== Problem ==
Copy every line of the data that contains the string "assumes".

+++ Input for this task

(* Let $n\ge 2$ and $m_1,\dots,m_n\ge1$, $m=m_1+\dots+m_n$. Assume: (a) each $h_i:Q_q^{m_i}\to Q_q$ ($i=1,\dots,n$) is an $m_i$-ary iterated group (for a group on $Q_q$ with identity $0$); (b) $f:Q_q^n\to Q_q$ is an isotopically transitive $n$-ary quasigroup, with $G_f$ the autotopy group of its graph $\{(x_0,x_1,\dots,x_n): x_0=f(x_1,\dots,x_n)\}$, whose elements are written $\overline\sigma=(\sigma_0,\sigma_1,\dots,\sigma_n)$; (c) for every $i\in\{1,\dots,n\}$ and every $\overline\sigma\in G_f$ there exists an isotopism $\overline\tau_i$ of $Q_q^{m_i}$ with $h_i(\overline\tau_i\overline z_i)=\sigma_i h_i(\overline z_i)$ for all $\overline z_i\in Q_q^{m_i}$. Then the $m$-ary quasigroup $g(\overline z_1,\dots,\overline z_n)=f(h_1(\overline z_1),\dots,h_n(\overline z_n))$ is isotopically transitive.
   Context: An $n$-ary quasigroup of order $q$ is a function $f:Q_q^n\to Q_q$ such that $f(\overline x)\ne f(\overline y)$ whenever $\overline x,\overline y$ differ in exactly one coordinate; it is called isotopically transitive if its graph $\{(x_0,\overline x): x_0=f(\overline x)\}\subseteq Q_q^{n+1}$ is isotopically transitive. An $m$-ary iterated group is a function $(z_1,\dots,z_m)\mapsto z_1\circ\cdots\circ z_m$ for a group operation $\circ$ on $Q_q$. An isotopism of $Q_q^N$ is a map $\overline{x}\mapsto(\tau_1x_1,\dots,\tau_Nx_N)$ with $\tau_i$ permutations of $Q_q$; the autotopy group of $A\subseteq Q_q^N$ is the group of isotopisms mapping $A$ onto $A$, and $A$ is isotopically transitive if this group acts transitively on $A$. *)

theory Defs
  imports "HOL-Algebra.Group"
begin

text \<open>Q_q = {0,...,q-1}; Q_q^N is represented by lists of length N over Q_q,
  coordinates indexed 0..N-1.\<close>

definition Qn :: "nat \<Rightarrow> nat \<Rightarrow> nat list set" where
  "Qn q N = {xs. length xs = N \<and> set xs \<subseteq> {..<q}}"

definition is_quasigroup :: "nat \<Rightarrow> nat \<Rightarrow> (nat list \<Rightarrow> nat) \<Rightarrow> bool" where
  "is_quasigroup q n f \<longleftrightarrow>
     (\<forall>x\<in>Qn q n. f x \<in> {..<q}) \<and>
     (\<forall>x\<in>Qn q n. \<forall>y\<in>Qn q n. card {i. i < n \<and> x ! i \<noteq> y ! i} = 1 \<longrightarrow> f x \<noteq> f y)"

definition isotopism :: "nat \<Rightarrow> nat \<Rightarrow> (nat \<Rightarrow> nat \<Rightarrow> nat) \<Rightarrow> bool" where
  "isotopism q N \<tau> \<longleftrightarrow> (\<forall>i<N. bij_betw (\<tau> i) {..<q} {..<q})"

definition iso_apply :: "(nat \<Rightarrow> nat \<Rightarrow> nat) \<Rightarrow> nat list \<Rightarrow> nat list" where
  "iso_apply \<tau> xs = map (\<lambda>i. \<tau> i (xs ! i)) [0..<length xs]"

definition autotopy_group :: "nat \<Rightarrow> nat \<Rightarrow> nat list set \<Rightarrow> (nat \<Rightarrow> nat \<Rightarrow> nat) set" where
  "autotopy_group q N A = {\<tau>. isotopism q N \<tau> \<and> iso_apply \<tau> ` A = A}"

definition isotopically_transitive :: "nat \<Rightarrow> nat \<Rightarrow> nat list set \<Rightarrow> bool" where
  "isotopically_transitive q N A \<longleftrightarrow>
     (\<forall>x\<in>A. \<forall>y\<in>A. \<exists>\<tau>\<in>autotopy_group q N A. iso_apply \<tau> x = y)"

definition qgraph :: "nat \<Rightarrow> nat \<Rightarrow> (nat list \<Rightarrow> nat) \<Rightarrow> nat list set" where
  "qgraph q n f = {f xs # xs | xs. xs \<in> Qn q n}"

definition iso_transitive_quasigroup :: "nat \<Rightarrow> nat \<Rightarrow> (nat list \<Rightarrow> nat) \<Rightarrow> bool" where
  "iso_transitive_quasigroup q n f \<longleftrightarrow>
     is_quasigroup q n f \<and> isotopically_transitive q (n + 1) (qgraph q n f)"

definition iterated_group :: "nat \<Rightarrow> nat \<Rightarrow> (nat list \<Rightarrow> nat) \<Rightarrow> bool" where
  "iterated_group q m h \<longleftrightarrow>
     (\<exists>op. group \<lparr>carrier = {..<q}, mult = op, one = 0\<rparr> \<and>
           (\<forall>zs\<in>Qn q m. h zs = foldr op zs 0))"

definition compose_qg :: "nat \<Rightarrow> (nat list \<Rightarrow> nat) \<Rightarrow> (nat \<Rightarrow> nat list \<Rightarrow> nat) \<Rightarrow> (nat \<Rightarrow> nat)
    \<Rightarrow> nat list \<Rightarrow> nat" where
  "compose_qg n f h m zs =
     f (map (\<lambda>i. h i (take (m i) (drop (\<Sum>j\<in>{1..<i}. m j) zs))) [1..<n+1])"

end

theory Submission
  imports Defs
begin

text \<open>Changing one coordinate of the input changes one block, hence exactly one argument of \<open>f\<close>,
  since iterated groups are quasigroups; so \<open>g\<close> is a quasigroup.
  For transitivity take two points of the graph of \<open>g\<close> and an autotopy \<open>\<sigma>\<close> of the graph of \<open>f\<close>
  mapping the corresponding points of that graph onto each other. By hypothesis each \<open>\<sigma>\<^sub>i\<close> is
  realised on the \<open>i\<close>-th block by an isotopism \<open>\<tau>\<^sub>i\<close> with \<open>h\<^sub>i \<circ> \<tau>\<^sub>i = \<sigma>\<^sub>i \<circ> h\<^sub>i\<close>. It need
  not send the \<open>i\<close>-th block of the first point to that of the second, only into the same fibre
  of \<open>h\<^sub>i\<close>; but the value-preserving autotopies of an iterated group act transitively on each
  fibre. Correcting \<open>\<tau>\<^sub>i\<close> accordingly and putting the
  blocks side by side behind \<open>\<sigma>\<^sub>0\<close> gives the required autotopy of the graph of \<open>g\<close>.\<close>

section \<open>Isotopisms of \<open>Q\<^sub>q\<^sup>N\<close>\<close>

lemma Qn_nth: "x \<in> Qn q N \<Longrightarrow> i < N \<Longrightarrow> x ! i < q"
  unfolding Qn_def by (auto dest!: nth_mem)

lemma finite_Qn: "finite (Qn q N)"
  using finite_lists_length_eq[of "{..<q}" N] by (simp add: Qn_def conj_commute)

lemma card_differ_eq_1_iff:
  "card {i. i < N \<and> x ! i \<noteq> y ! i} = 1 \<longleftrightarrow>
     (\<exists>p<N. x ! p \<noteq> y ! p \<and> (\<forall>j<N. j \<noteq> p \<longrightarrow> x ! j = y ! j))"
  by (auto simp: card_1_singleton_iff)

lemma length_iso_apply [simp]: "length (iso_apply T xs) = length xs"
  by (simp add: iso_apply_def)

lemma nth_iso_apply [simp]: "j < length xs \<Longrightarrow> iso_apply T xs ! j = T j (xs ! j)"
  by (simp add: iso_apply_def)

lemma iso_apply_cong:
  "(\<And>j. j < length xs \<Longrightarrow> T j (xs ! j) = T' j (xs ! j)) \<Longrightarrow> iso_apply T xs = iso_apply T' xs"
  by (simp add: iso_apply_def)

lemma iso_apply_Nil [simp]: "iso_apply T [] = []"
  by (simp add: iso_apply_def)

lemma iso_apply_Cons: "iso_apply T (x # xs) = T 0 x # iso_apply (\<lambda>k. T (Suc k)) xs"
  by (rule nth_equalityI) (auto simp: nth_Cons split: nat.splits)

lemma iso_apply_comp: "iso_apply (\<lambda>j. A j \<circ> B j) xs = iso_apply A (iso_apply B xs)"
  by (rule nth_equalityI) auto

lemma isotopism_comp:
  "isotopism q N A \<Longrightarrow> isotopism q N B \<Longrightarrow> isotopism q N (\<lambda>j. A j \<circ> B j)"
  unfolding isotopism_def using bij_betw_trans by blast

lemma isotopism_case_nat:
  "bij_betw s {..<q} {..<q} \<Longrightarrow> isotopism q N T \<Longrightarrow> isotopism q (Suc N) (case_nat s T)"
  by (auto simp: isotopism_def less_Suc_eq_0_disj)

lemma iso_apply_in_Qn:
  assumes "isotopism q N T" "x \<in> Qn q N"
  shows "iso_apply T x \<in> Qn q N"
proof -
  have "T k (x ! k) < q" if "k < N" for k
    using assms Qn_nth[OF assms(2) that] that by (auto simp: isotopism_def dest: bij_betwE)
  then show ?thesis using assms(2) by (auto simp: Qn_def in_set_conv_nth)
qed

lemma inj_on_iso_apply:
  assumes "isotopism q N T"
  shows "inj_on (iso_apply T) (Qn q N)"
proof
  fix x y assume x: "x \<in> Qn q N" and y: "y \<in> Qn q N" and eq: "iso_apply T x = iso_apply T y"
  show "x = y"
  proof (rule nth_equalityI)
    show "length x = length y" using x y by (simp add: Qn_def)
    fix k assume "k < length x"
    then have k: "k < N" using x by (simp add: Qn_def)
    have "T k (x ! k) = T k (y ! k)"
      using arg_cong[OF eq, of "\<lambda>l. l ! k"] k x y by (simp add: Qn_def)
    moreover have "inj_on (T k) {..<q}" using assms k by (simp add: isotopism_def bij_betw_def)
    ultimately show "x ! k = y ! k" using Qn_nth[OF x k] Qn_nth[OF y k] by (simp add: inj_on_def)
  qed
qed

section \<open>Iterated groups\<close>

context group
begin

lemma foldr_closed:
  "set xs \<subseteq> carrier G \<Longrightarrow> c \<in> carrier G \<Longrightarrow> foldr (\<otimes>) xs c \<in> carrier G"
  by (induction xs) auto

lemma foldr_mult_shift:
  "set xs \<subseteq> carrier G \<Longrightarrow> c \<in> carrier G \<Longrightarrow> foldr (\<otimes>) xs c = foldr (\<otimes>) xs \<one> \<otimes> c"
  by (induction xs) (auto simp: m_assoc foldr_closed)

lemma foldr_snoc:
  "set xs \<subseteq> carrier G \<Longrightarrow> x \<in> carrier G \<Longrightarrow> foldr (\<otimes>) (xs @ [x]) \<one> = foldr (\<otimes>) xs \<one> \<otimes> x"
  by (simp add: foldr_mult_shift[of xs x])

lemma foldr_take_Suc:
  assumes "set xs \<subseteq> carrier G" "j < length xs"
  shows "foldr (\<otimes>) (take (Suc j) xs) \<one> = foldr (\<otimes>) (take j xs) \<one> \<otimes> xs ! j"
proof -
  have "set (take j xs) \<subseteq> carrier G" "xs ! j \<in> carrier G"
    using assms by (auto dest: in_set_takeD)
  then show ?thesis
    using assms(2) by (simp add: take_Suc_conv_app_nth foldr_snoc del: foldr_append)
qed

lemma inv_mult_cancel_left [simp]: "x \<in> carrier G \<Longrightarrow> y \<in> carrier G \<Longrightarrow> inv x \<otimes> (x \<otimes> y) = y"
  by (simp add: m_assoc [symmetric])

lemma mult_inv_cancel_left [simp]: "x \<in> carrier G \<Longrightarrow> y \<in> carrier G \<Longrightarrow> x \<otimes> (inv x \<otimes> y) = y"
  by (simp add: m_assoc [symmetric])

lemma foldr_eq_iff_middle_eq:
  assumes "set xs \<subseteq> carrier G" "set ys \<subseteq> carrier G" "x \<in> carrier G" "y \<in> carrier G"
  shows "foldr (\<otimes>) (xs @ x # ys) \<one> = foldr (\<otimes>) (xs @ y # ys) \<one> \<longleftrightarrow> x = y"
  using assms foldr_mult_shift[of xs "x \<otimes> foldr (\<otimes>) ys \<one>"] foldr_mult_shift[of xs "y \<otimes> foldr (\<otimes>) ys \<one>"]
  by (simp add: foldr_closed)

lemma bij_betw_translations:
  "a \<in> carrier G \<Longrightarrow> b \<in> carrier G \<Longrightarrow> bij_betw (\<lambda>v. a \<otimes> v \<otimes> b) (carrier G) (carrier G)"
  by (rule bij_betw_byWitness[where f'="\<lambda>v. inv a \<otimes> v \<otimes> inv b"]) (auto simp: m_assoc)

end

lemma foldr_iso_apply_telescope:
  fixes G :: "(nat, 'b) monoid_scheme" (structure)
  assumes "group G" "set z \<subseteq> carrier G" "\<And>j. a j \<in> carrier G"
  shows "foldr (\<otimes>) (iso_apply (\<lambda>j v. inv (a j) \<otimes> v \<otimes> a (Suc j)) z) \<one>
           = inv (a 0) \<otimes> foldr (\<otimes>) z \<one> \<otimes> a (length z)"
proof -
  interpret group G by (rule assms(1))
  show ?thesis
    using assms(2,3)
  proof (induction z arbitrary: a)
    case (Cons x z)
    have "foldr (\<otimes>) (iso_apply (\<lambda>j v. inv (a (Suc j)) \<otimes> v \<otimes> a (Suc (Suc j))) z) \<one>
          = inv (a 1) \<otimes> foldr (\<otimes>) z \<one> \<otimes> a (Suc (length z))"
      using Cons.IH[of "\<lambda>j. a (Suc j)"] Cons.prems by simp
    then show ?case
      using Cons.prems by (simp add: iso_apply_Cons m_assoc foldr_closed)
  qed simp
qed

lemma iterated_groupE:
  assumes "iterated_group q k h"
  obtains G :: "nat monoid"
  where "group G" "carrier G = {..<q}" "\<And>z. z \<in> Qn q k \<Longrightarrow> h z = foldr (\<otimes>\<^bsub>G\<^esub>) z \<one>\<^bsub>G\<^esub>"
proof -
  obtain op where "group \<lparr>carrier = {..<q}, mult = op, one = 0\<rparr>"
    and "\<forall>z\<in>Qn q k. h z = foldr op z 0"
    using assms unfolding iterated_group_def by blast
  then show thesis by (intro that[of "\<lparr>carrier = {..<q}, mult = op, one = 0\<rparr>"]) auto
qed

lemma iterated_group_is_quasigroup:
  assumes "iterated_group q k h"
  shows "is_quasigroup q k h"
proof -
  obtain G :: "nat monoid" where "group G" and carrier: "carrier G = {..<q}"
    and h: "\<And>z. z \<in> Qn q k \<Longrightarrow> h z = foldr (\<otimes>\<^bsub>G\<^esub>) z \<one>\<^bsub>G\<^esub>"
    using iterated_groupE[OF assms] by blast
  interpret group G by fact
  have in_carrier: "set z \<subseteq> carrier G" if "z \<in> Qn q k" for z
    using that carrier by (auto simp: Qn_def)
  have "h u \<noteq> h v"
    if u: "u \<in> Qn q k" and v: "v \<in> Qn q k" and p: "p < k" "u ! p \<noteq> v ! p"
      and same: "\<forall>j<k. j \<noteq> p \<longrightarrow> u ! j = v ! j" for u v p
  proof -
    have len: "length u = k" "length v = k" using u v by (auto simp: Qn_def)
    have "take p v = take p u" "drop (Suc p) v = drop (Suc p) u"
      using len p same by (auto intro: nth_equalityI)
    then have split: "u = take p u @ u ! p # drop (Suc p) u" "v = take p u @ v ! p # drop (Suc p) u"
      using id_take_nth_drop len p by metis+
    have "set (take p u) \<subseteq> carrier G" "set (drop (Suc p) u) \<subseteq> carrier G"
      using in_carrier[OF u] by (auto dest: in_set_takeD in_set_dropD)
    moreover have "u ! p \<in> carrier G" "v ! p \<in> carrier G"
      using in_carrier u v len p by (auto simp: subset_iff)
    ultimately show ?thesis
      using p h[OF u] h[OF v] foldr_eq_iff_middle_eq split by metis
  qed
  moreover have "h z \<in> {..<q}" if "z \<in> Qn q k" for z
    using foldr_closed[OF in_carrier[OF that] one_closed] h[OF that] carrier by simp
  ultimately show ?thesis
    unfolding is_quasigroup_def card_differ_eq_1_iff by blast
qed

++++++

== Answer box ==
  assumes "isotopism q N T" "x \<in> Qn q N"
  assumes "isotopism q N T"
  assumes "set xs \<subseteq> carrier G" "j < length xs"
  assumes "set xs \<subseteq> carrier G" "set ys \<subseteq> carrier G" "x \<in> carrier G" "y \<in> carrier G"
  assumes "group G" "set z \<subseteq> carrier G" "\<And>j. a j \<in> carrier G"
  assumes "iterated_group q k h"
  assumes "iterated_group q k h"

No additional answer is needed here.